**Goal of the exercise:** For the records below, work out the number of lines holding "shows" and reply with only that.

**Record set:**
lemma three_exp_div_three_le: "3 * exp (x / 3) \<le> exp x + (2::real)"
proof -
  define t where "t = exp (x / 3)"
  have "exp x = t ^ 3" unfolding t_def by (simp flip: exp_of_nat_mult)
  moreover have "t ^ 3 + 2 - 3 * t = (t - 1)\<^sup>2 * (t + 2)"
    by (simp add: power2_eq_square power3_eq_cube algebra_simps)
  moreover have "(t - 1)\<^sup>2 * (t + 2) \<ge> 0" by (simp add: t_def add_pos_pos)
  ultimately show ?thesis unfolding t_def by linarith
qed

lemma Psi2_sqrt3_shift_le:
  assumes L: "L > 0" and x: "0 \<le> x" and b: "0 \<le> b"
  shows "Psi2 (sqrt 3 * L) (max 0 (x - b / L) / sqrt 3)
           \<le> (Psi2 L x + 1) / (3 * exp (2 / L\<^sup>2 * h2 b))"
proof (cases "x \<le> b / L")
  case True
  then show ?thesis using Psi2_nonneg[OF L x] by (simp add: add_nonneg_pos)
next
  case False
  then have shift: "L * (x - b / L) = L * x - b"
    using L by (simp add: field_simps)
  define A where "A = 2 / L\<^sup>2 * h2 (L * x - b)"
  have "h2 (L * x - b) + h2 b \<le> h2 (L * x)"
    using h2_superadditive[of "L * x - b" b] False L b by (simp add: field_simps)
  then have "A \<le> 2 / L\<^sup>2 * h2 (L * x) - 2 / L\<^sup>2 * h2 b"
    unfolding A_def using L by (simp add: field_simps)
  then have "exp A \<le> exp (2 / L\<^sup>2 * h2 (L * x)) / exp (2 / L\<^sup>2 * h2 b)"
    by (simp only: exp_le_cancel_iff flip: exp_diff)
  also have "\<dots> = (Psi2 L x + 1) / exp (2 / L\<^sup>2 * h2 b)"
    by (simp add: Psi2_def)
  finally have expA: "exp A \<le> (Psi2 L x + 1) / exp (2 / L\<^sup>2 * h2 b)" .
  have "Psi2 (sqrt 3 * L) (max 0 (x - b / L) / sqrt 3) = exp (2 / (3 * L\<^sup>2) * h2 (L * x - b)) - 1"
    using False by (simp add: Psi2_rescale flip: shift)
  also have "\<dots> = exp (A / 3) - 1"
    unfolding A_def by simp
  also have "\<dots> \<le> exp A / 3"
    using three_exp_div_three_le[of A] by simp
  finally show ?thesis
    using expA by simp
qed

lemma Psi2_excess_Max_le_sum:
  fixes z :: "'b \<Rightarrow> real"
  assumes J: "finite J" "J \<noteq> {}" and L: "L > 0" and \<tau>: "\<tau> > 0"
    and b: "0 \<le> b" "h2 b = L\<^sup>2 / 2 * ln (1 + real (card J))"
  shows "Psi2 (sqrt 3 * L) (\<bar>max 0 (Max ((\<lambda>j. \<bar>z j\<bar>) ` J) - \<tau> / L * b)\<bar> / (sqrt 3 * \<tau>))
           \<le> (\<Sum>j\<in>J. Psi2 L (\<bar>z j\<bar> / \<tau>) + 1) / (3 * (1 + real (card J)))"
proof -
  have "Max ((\<lambda>j. \<bar>z j\<bar>) ` J) \<in> (\<lambda>j. \<bar>z j\<bar>) ` J"
    using J by (intro Max_in) auto
  then obtain k where k: "k \<in> J" "Max ((\<lambda>j. \<bar>z j\<bar>) ` J) = \<bar>z k\<bar>"
    by auto
  have arg: "\<bar>max 0 (\<bar>z k\<bar> - \<tau> / L * b)\<bar> / (sqrt 3 * \<tau>) = max 0 (\<bar>z k\<bar> / \<tau> - b / L) / sqrt 3"
    using L \<tau> by (simp add: field_simps max_divide_distrib_right)
  have "2 / L\<^sup>2 * h2 b = ln (1 + real (card J))"
    using b L by (simp add: field_simps)
  then have "exp (2 / L\<^sup>2 * h2 b) = 1 + real (card J)"
    by simp
  then have "Psi2 (sqrt 3 * L) (max 0 (\<bar>z k\<bar> / \<tau> - b / L) / sqrt 3)
               \<le> (Psi2 L (\<bar>z k\<bar> / \<tau>) + 1) / (3 * (1 + real (card J)))"
    using Psi2_sqrt3_shift_le[of L "\<bar>z k\<bar> / \<tau>" b] L \<tau> b by simp
  also have "\<dots> \<le> (\<Sum>j\<in>J. Psi2 L (\<bar>z j\<bar> / \<tau>) + 1) / (3 * (1 + real (card J)))"
    using J k Psi2_nonneg[OF L] \<tau>
    by (intro divide_right_mono member_le_sum) (auto intro: add_nonneg_nonneg)
  finally show ?thesis
    unfolding k(2) arg .
qed

lemma (in prob_space) nn_integral_sum_plus_one_le:
  fixes f :: "'b \<Rightarrow> 'a \<Rightarrow> real"
  assumes "finite J" and [measurable]: "\<And>j. j \<in> J \<Longrightarrow> f j \<in> borel_measurable M"
    and nonneg: "\<And>j \<omega>. j \<in> J \<Longrightarrow> 0 \<le> f j \<omega>"
    and le1: "\<And>j. j \<in> J \<Longrightarrow> (\<integral>\<^sup>+\<omega>. ennreal (f j \<omega>) \<partial>M) \<le> 1"
  shows "(\<integral>\<^sup>+\<omega>. ennreal (\<Sum>j\<in>J. f j \<omega> + 1) \<partial>M) \<le> 2 * of_nat (card J)"
proof -
  have "ennreal (\<Sum>j\<in>J. f j \<omega> + 1) = (\<Sum>j\<in>J. ennreal (f j \<omega>) + 1)" for \<omega>
    using nonneg by (simp add: ennreal_plus add_nonneg_nonneg flip: sum_ennreal)
  then have "(\<integral>\<^sup>+\<omega>. ennreal (\<Sum>j\<in>J. f j \<omega> + 1) \<partial>M) = (\<Sum>j\<in>J. (\<integral>\<^sup>+\<omega>. ennreal (f j \<omega>) \<partial>M) + 1)"
    using \<open>finite J\<close> by (simp add: nn_integral_sum nn_integral_add emeasure_space_1)
  also have "\<dots> \<le> (\<Sum>j\<in>J. 2)"
    using le1 by (intro sum_mono) (metis add_right_mono one_add_one)
  finally show ?thesis by (simp add: mult.commute)
qed

lemma (in prob_space) nn_integral_Psi2_excess_Max_le:
  fixes Z :: "'b \<Rightarrow> 'a \<Rightarrow> real"
  assumes J: "finite J" "J \<noteq> {}" and L: "L > 0" and \<tau>: "\<tau> > 0"
    and b: "0 \<le> b" "h2 b = L\<^sup>2 / 2 * ln (1 + real (card J))"
    and Z: "\<And>j. j \<in> J \<Longrightarrow> Z j \<in> borel_measurable M"
    and Z_le1: "\<And>j. j \<in> J \<Longrightarrow> (\<integral>\<^sup>+\<omega>. ennreal (Psi2 L (\<bar>Z j \<omega>\<bar> / \<tau>)) \<partial>M) \<le> 1"
  shows "(\<integral>\<^sup>+\<omega>. ennreal (Psi2 (sqrt 3 * L)
            (\<bar>max 0 (Max ((\<lambda>j. \<bar>Z j \<omega>\<bar>) ` J) - \<tau> / L * b)\<bar> / (sqrt 3 * \<tau>))) \<partial>M) \<le> 1"
    (is "(\<integral>\<^sup>+\<omega>. ennreal (?\<Psi> \<omega>) \<partial>M) \<le> 1")
proof -
  define \<kappa> where "\<kappa> = 1 / (3 * (1 + real (card J)))"
  define S where "S \<omega> = (\<Sum>j\<in>J. Psi2 L (\<bar>Z j \<omega>\<bar> / \<tau>) + 1)" for \<omega>
  have [measurable]: "S \<in> borel_measurable M"
    unfolding S_def using Z by measurable
  have S_nonneg: "0 \<le> S \<omega>" for \<omega>
    unfolding S_def using Psi2_nonneg[OF L] \<tau> by (intro sum_nonneg add_nonneg_nonneg) auto
  have "(\<integral>\<^sup>+\<omega>. ennreal (?\<Psi> \<omega>) \<partial>M) \<le> (\<integral>\<^sup>+\<omega>. ennreal \<kappa> * ennreal (S \<omega>) \<partial>M)"
    using Psi2_excess_Max_le_sum[OF J L \<tau> b] S_nonneg
    by (intro nn_integral_mono) (simp add: \<kappa>_def S_def ennreal_mult' flip: ennreal_mult)
  also have "\<dots> = ennreal \<kappa> * (\<integral>\<^sup>+\<omega>. ennreal (S \<omega>) \<partial>M)"
    by (rule nn_integral_cmult) measurable
  also have "\<dots> \<le> ennreal \<kappa> * (2 * of_nat (card J))"
    unfolding S_def using J Z Z_le1 Psi2_nonneg[OF L] \<tau>
    by (intro mult_left_mono nn_integral_sum_plus_one_le) auto
  also have "\<dots> \<le> 1"
    by (simp add: \<kappa>_def ennreal_of_nat_eq_real_of_nat flip: ennreal_mult ennreal_1 ennreal_numeral)
  finally show ?thesis .
qed

theorem lemma10:
  fixes M :: "'a measure" and Z :: "nat \<Rightarrow> 'a \<Rightarrow> real" and L \<tau> :: real and m :: nat
  assumes "prob_space M"
    and "L > 0" and "\<tau> > 0" and "m \<ge> 1"
    and "\<And>j. j \<in> {1..m} \<Longrightarrow> Z j \<in> borel_measurable M"
    and "\<And>j. j \<in> {1..m} \<Longrightarrow> orlicz_norm M (Psi2 L) (Z j) \<le> ereal \<tau>"
  shows "orlicz_norm M (Psi2 (sqrt 3 * L))
           (\<lambda>\<omega>. max 0 (Max ((\<lambda>j. \<bar>Z j \<omega>\<bar>) ` {1..m})
                   - \<tau> / L * h2_inv (L\<^sup>2 / 2 * ln (1 + real m))))
         \<le> ereal (sqrt 3 * \<tau>)"
proof -
  interpret prob_space M by fact
  note L = \<open>L > 0\<close> and \<tau> = \<open>\<tau> > 0\<close>
  have b: "0 \<le> h2_inv (L\<^sup>2 / 2 * ln (1 + real m))"
    "h2 (h2_inv (L\<^sup>2 / 2 * ln (1 + real m))) = L\<^sup>2 / 2 * ln (1 + real (card {1..m}))"
    using h2_inv[of "L\<^sup>2 / 2 * ln (1 + real m)"] by auto
  have "(\<integral>\<^sup>+\<omega>. ennreal (Psi2 L (\<bar>Z j \<omega>\<bar> / \<tau>)) \<partial>M) \<le> 1" if "j \<in> {1..m}" for j
    using assms(5,6)[OF that] L \<tau>
    by (intro orlicz_norm_le_imp_nn_integral_le isCont_Psi2 Psi2_le) auto
  with assms(4,5) show ?thesis
    using L \<tau> by (intro orlicz_norm_leI nn_integral_Psi2_excess_Max_le[OF _ _ L \<tau> b]) auto
qed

**Answer for this exercise:** 5